# A dark and misty night.



## Silvermuir (May 15, 2012)

A B&W set I did last year.

1.



bridge mist by A.M.G Photography, on Flickr

2.



bridge  mist by A.M.G Photography, on Flickr

3.



countryside mist by A.M.G Photography, on Flickr


----------



## theambitiousstranger (May 15, 2012)

Silvermuir said:
			
		

> A B&W set I did last year.
> 
> 1.
> http://www.flickr.com/photos/66696472@N02/6330800988/
> ...



Beautiful! Nice moody, spooky shots. 1 and 3 would be my favourites.


----------



## sleist (May 15, 2012)

#3 is my favorite.  Nicely captured.


----------



## Julie079 (May 15, 2012)

Love that you can see the stars in number 3! Beautiful!


----------



## MK3Brent (May 15, 2012)

Good photos! 

I was getting bummed out at some recent posts.

I like 3 the most.


----------



## Silvermuir (May 15, 2012)

Thanks everyone, it was a cold Scottish night and i was out trying to capture the illusive wild haggis.


----------



## Troutwind (May 16, 2012)

As I viewed them I felt an instant liking for #1. The balance of light and dark against the solid bulk and curves of the bridge and the delicacy of the stonework. 

#2 Well, its interesting but seems to be lacking a little context. On the other hand a lot of people might see it as finesse; just a hint and a promise. 

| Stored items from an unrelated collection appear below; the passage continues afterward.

lemma card_less_if_differences_closed:
  assumes S: "scale_closed S" "0 \<notin> S" "\<not> contains_plane (insert 0 S)"
    and diff: "\<And>s s'. s \<in> S \<Longrightarrow> s' \<in> S \<Longrightarrow> s - s' \<in> insert 0 S"
  shows "card S < card (UNIV :: 'a set)"
proof (cases "S = {}")
  case True
  then show ?thesis
    by (simp add: finite_UNIV_card_ge_0)
next
  case False
  then obtain p where p: "p \<in> S"
    by blast
  have "subspace (insert 0 S)"
    using S(1) diff by (rule subspace_insert_zero_if_differences_closed)
  have "s \<in> span {p}" if s: "s \<in> S" for s
  proof (rule ccontr)
    assume "s \<notin> span {p}"
    moreover have "p \<noteq> 0"
      using p S(2) by auto
    ultimately have "independent {s, p}"
      by (intro independent_insertI independent_empty) auto
    moreover have "s \<noteq> p"
      using \<open>s \<notin> span {p}\<close> span_base[of p "{p}"] by blast
    moreover have "span {s, p} \<subseteq> insert 0 S"
      using s p \<open>subspace (insert 0 S)\<close> by (intro span_minimal) auto
    ultimately show False
      using S(3) unfolding contains_plane_def by blast
  qed
  then have "S \<subseteq> (\<lambda>k. k *s p) ` (UNIV - {0})"
    using S(2) by (force simp: span_singleton)
  then have "card S \<le> card ((\<lambda>k. k *s p) ` (UNIV - {0}))"
    by (intro card_mono) auto
  also have "\<dots> \<le> card (UNIV - {0 :: 'a})"
    by (intro card_image_le) auto
  also have "\<dots> < card (UNIV :: 'a set)"
    by (rule card_Diff1_less) simp_all
  finally show ?thesis .
qed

For me however #2 comes in a distant third because of #3 which is so emotionally evocative. The deep black of the night sky with stars against the last traces of day. The distant glow of lights with the suggestion of home and hearth, the the almost glowing ground fog engulfing the trees. Somewhere that evening there had to be a Fairy ring with figures dancing round.


----------



## Troutwind (May 16, 2012)

By the way. Back in 1970, on a raw November night in a restaurant at the end of Princes street, not too far from the Dean Bridge I captured a Haggis. But I was drunk and it got away from me. Had to pay the cabbie extra for the mess it left.


----------



## Silvermuir (May 17, 2012)

Loved your posts Troutwind, you really look at a picture and get something from it, I'm the same. That night I had planned to get shots 1 and 3, No2 was an on the spot whim to try and capture the light rays through the fog more clearly than shot 1 but you are right it has no real purpose other than that.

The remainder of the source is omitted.